Stored data
——————
(* Let $t \geq 4$ be an integer and let $G$ be a finite, simple, connected graph that contains no hole of length at least $t$. Then $t-3$ cops have a winning strategy in the game of cops and robbers on $G$; that is, $c(G) \leq t-3$.
   Context: A hole in a graph is an induced cycle of length at least $4$. The game of cops and robbers on a graph $G$ with $k$ cops is played as follows: each cop chooses a starting vertex, then the single robber chooses a starting vertex; then the players alternate turns, starting with the cops. On the cops' turn, each cop either stays on its vertex or moves to an adjacent vertex; on the robber's turn, the robber stays on his vertex or moves to an adjacent vertex. Both sides have full information. The cops win if at some point a cop occupies the same vertex as the robber; the robber wins if he avoids capture forever. The cop number $c(G)$ is the minimum $k$ such that $k$ cops have a winning strategy on $G$. All graphs are finite, simple and connected. *)

theory Defs
  imports Main
begin

definition finite_simple_graph :: "'a set \<Rightarrow> ('a \<Rightarrow> 'a \<Rightarrow> bool) \<Rightarrow> bool" where
  "finite_simple_graph V E \<longleftrightarrow> finite V \<and> V \<noteq> {} \<and>
     (\<forall>x y. E x y \<longrightarrow> x \<in> V \<and> y \<in> V) \<and>
     (\<forall>x y. E x y \<longrightarrow> E y x) \<and> (\<forall>x. \<not> E x x)"

definition connected_graph :: "'a set \<Rightarrow> ('a \<Rightarrow> 'a \<Rightarrow> bool) \<Rightarrow> bool" where
  "connected_graph V E \<longleftrightarrow> (\<forall>u\<in>V. \<forall>v\<in>V. E\<^sup>*\<^sup>* u v)"

text \<open>A hole: an induced cycle of length at least 4, given as the cyclic list of its
(distinct) vertices; two vertices of the list are adjacent iff they are cyclically
consecutive.\<close>

definition hole :: "'a set \<Rightarrow> ('a \<Rightarrow> 'a \<Rightarrow> bool) \<Rightarrow> 'a list \<Rightarrow> bool" where
  "hole V E vs \<longleftrightarrow> length vs \<ge> 4 \<and> distinct vs \<and> set vs \<subseteq> V \<and>
     (\<forall>i<length vs. \<forall>j<length vs.
        E (vs ! i) (vs ! j) \<longleftrightarrow> (j = Suc i mod length vs \<or> i = Suc j mod length vs))"

text \<open>A cop configuration is a list of the cops' positions
(one entry per cop). A cop strategy consists of an initial placement and a function
which, given the history of cop configurations C_0..C_n and robber positions R_0..R_n,
returns the next cop configuration C_{n+1}. Play order: C_0, R_0, C_1, R_1, ...\<close>

definition cop_step :: "('a \<Rightarrow> 'a \<Rightarrow> bool) \<Rightarrow> 'a list \<Rightarrow> 'a list \<Rightarrow> bool" where
  "cop_step E c c' \<longleftrightarrow> length c' = length c \<and>
     (\<forall>i<length c. c' ! i = c ! i \<or> E (c ! i) (c' ! i))"

definition robber_walk :: "'a set \<Rightarrow> ('a \<Rightarrow> 'a \<Rightarrow> bool) \<Rightarrow> (nat \<Rightarrow> 'a) \<Rightarrow> bool" where
  "robber_walk V E R \<longleftrightarrow> R 0 \<in> V \<and> (\<forall>n. R (Suc n) = R n \<or> E (R n) (R (Suc n)))"

primrec cop_hist :: "'a list \<Rightarrow> ('a list list \<Rightarrow> 'a list \<Rightarrow> 'a list) \<Rightarrow> (nat \<Rightarrow> 'a) \<Rightarrow> nat \<Rightarrow> 'a list list" where
  "cop_hist C0 f R 0 = [C0]"
| "cop_hist C0 f R (Suc n) = cop_hist C0 f R n @ [f (cop_hist C0 f R n) (map R [0..<Suc n])]"

definition cop_pos :: "'a list \<Rightarrow> ('a list list \<Rightarrow> 'a list \<Rightarrow> 'a list) \<Rightarrow> (nat \<Rightarrow> 'a) \<Rightarrow> nat \<Rightarrow> 'a list" where
  "cop_pos C0 f R n = cop_hist C0 f R n ! n"

text \<open>k cops have a winning strategy: there is a legal strategy for k cops such that,
against every legal robber behaviour (start vertex and moves, chosen with full
information), the robber is caught at some point (after a robber move/start, or
after a cop move).\<close>

definition cops_win :: "'a set \<Rightarrow> ('a \<Rightarrow> 'a \<Rightarrow> bool) \<Rightarrow> nat \<Rightarrow> bool" where
  "cops_win V E k \<longleftrightarrow> (\<exists>C0 f. length C0 = k \<and> set C0 \<subseteq> V \<and>
     (\<forall>R. robber_walk V E R \<longrightarrow>
        (\<forall>n. cop_step E (cop_pos C0 f R n) (cop_pos C0 f R (Suc n))) \<and>
        (\<exists>n. R n \<in> set (cop_pos C0 f R n) \<or> R n \<in> set (cop_pos C0 f R (Suc n)))))"

definition cop_number :: "'a set \<Rightarrow> ('a \<Rightarrow> 'a \<Rightarrow> bool) \<Rightarrow> nat" where
  "cop_number V E = (LEAST k. cops_win V E k)"

end

theory Submission
  imports Defs
begin

text \<open>
  Let k = t - 3. The cops always stand on an induced path Q with at most k vertices, and the
  robber is confined to his territory: the component T of G - N[Q] containing him. Every vertex
  outside T with a neighbour in T lies in N[Q]; call these vertices the boundary of T. If some
  boundary vertex b is adjacent to the last vertex of Q only, the cops append b to Q, or, when Q
  already has k vertices, append b and drop the first vertex; otherwise they drop the last vertex.
  In each case the whole boundary stays in the closed neighbourhood of the new path, so the
  robber's next territory lies inside T. For the shift this is where holes come in: a boundary
  vertex y that sees only the first vertex of Q and is neither b nor adjacent to b closes, together
  with a shortest b-y path through T, a hole of length at least k + 3 = t. Hence the potential
  (k + 1) |T| + |Q| drops in every round, and the robber is eventually caught.
\<close>

lemma nth_mem_butlast: "i < length xs - 1 \<Longrightarrow> xs ! i \<in> set (butlast xs)"
  using nth_mem[of i "butlast xs"] by (simp add: nth_butlast)

lemma nth_mem_tl: "0 < i \<Longrightarrow> i < length xs \<Longrightarrow> xs ! i \<in> set (tl xs)"
  using nth_mem[of "i - 1" "tl xs"] by (simp add: nth_tl)

lemma set_butlast_last: "xs \<noteq> [] \<Longrightarrow> set xs = insert (last xs) (set (butlast xs))"
  by (cases xs rule: rev_cases) auto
——————
§ **Task statement**
Find every line in the records that uses the string "using", then copy it.

§ **Task output**
  using nth_mem[of i "butlast xs"] by (simp add: nth_butlast)
  using nth_mem[of "i - 1" "tl xs"] by (simp add: nth_tl)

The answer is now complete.